RECORDS SHOWN Start Marker

text \<open>The KKT map K(c,a,b,p,alpha,beta) in R^l, l = mn+m+n.  The vectorised index
  (j-1)m+i of vec(.) is represented by the pair (i,j); the three blocks by the sum type.\<close>
definition KKT :: "real \<Rightarrow> real^'n^'m \<Rightarrow> real^'m \<Rightarrow> real^'n \<Rightarrow> real^('m \<times> 'n)
                   \<Rightarrow> real^'m \<Rightarrow> real^'n \<Rightarrow> real^(('m \<times> 'n) + ('m + 'n))" where
  "KKT lam C a b p \<alpha> \<beta> = (\<chi> r. case r of
      Inl (i, j) \<Rightarrow> C $ i $ j + lam * ln (p $ (i, j)) + \<alpha> $ i + \<beta> $ j
    | Inr (Inl i) \<Rightarrow> (\<Sum>j\<in>UNIV. p $ (i, j)) - a $ i
    | Inr (Inr j) \<Rightarrow> (\<Sum>i\<in>UNIV. p $ (i, j)) - b $ j)"

text \<open>Reduced index set of size l-1: columns are indexed by the option type over 'k,
  the last column n being None; the first n-1 columns are Some k.\<close>
type_synonym ('m, 'k) ridx = "('m \<times> 'k option) + ('m + 'k)"

definition red_emb :: "('m, 'k) ridx \<Rightarrow> ('m \<times> 'k option) + ('m + 'k option)" where
  "red_emb r = (case r of Inl ij \<Rightarrow> Inl ij | Inr (Inl i) \<Rightarrow> Inr (Inl i)
                | Inr (Inr k) \<Rightarrow> Inr (Inr (Some k)))"

definition ext0 :: "real^'k \<Rightarrow> real^('k option)" where
  "ext0 v = (\<chi> j. case j of None \<Rightarrow> 0 | Some k \<Rightarrow> v $ k)"

definition ext_with :: "real \<Rightarrow> real^'k \<Rightarrow> real^('k option)" where
  "ext_with bn v = (\<chi> j. case j of None \<Rightarrow> bn | Some k \<Rightarrow> v $ k)"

RECORDS SHOWN End Marker

* _WORK ORDER_
Looking at the material above, please copy exactly every line from its first line through the line containing "the last column", with both ends included and nothing else.

* _ANSWER SECTION_
text \<open>The KKT map K(c,a,b,p,alpha,beta) in R^l, l = mn+m+n.  The vectorised index
  (j-1)m+i of vec(.) is represented by the pair (i,j); the three blocks by the sum type.\<close>
definition KKT :: "real \<Rightarrow> real^'n^'m \<Rightarrow> real^'m \<Rightarrow> real^'n \<Rightarrow> real^('m \<times> 'n)
                   \<Rightarrow> real^'m \<Rightarrow> real^'n \<Rightarrow> real^(('m \<times> 'n) + ('m + 'n))" where
  "KKT lam C a b p \<alpha> \<beta> = (\<chi> r. case r of
      Inl (i, j) \<Rightarrow> C $ i $ j + lam * ln (p $ (i, j)) + \<alpha> $ i + \<beta> $ j
    | Inr (Inl i) \<Rightarrow> (\<Sum>j\<in>UNIV. p $ (i, j)) - a $ i
    | Inr (Inr j) \<Rightarrow> (\<Sum>i\<in>UNIV. p $ (i, j)) - b $ j)"

text \<open>Reduced index set of size l-1: columns are indexed by the option type over 'k,
  the last column n being None; the first n-1 columns are Some k.\<close>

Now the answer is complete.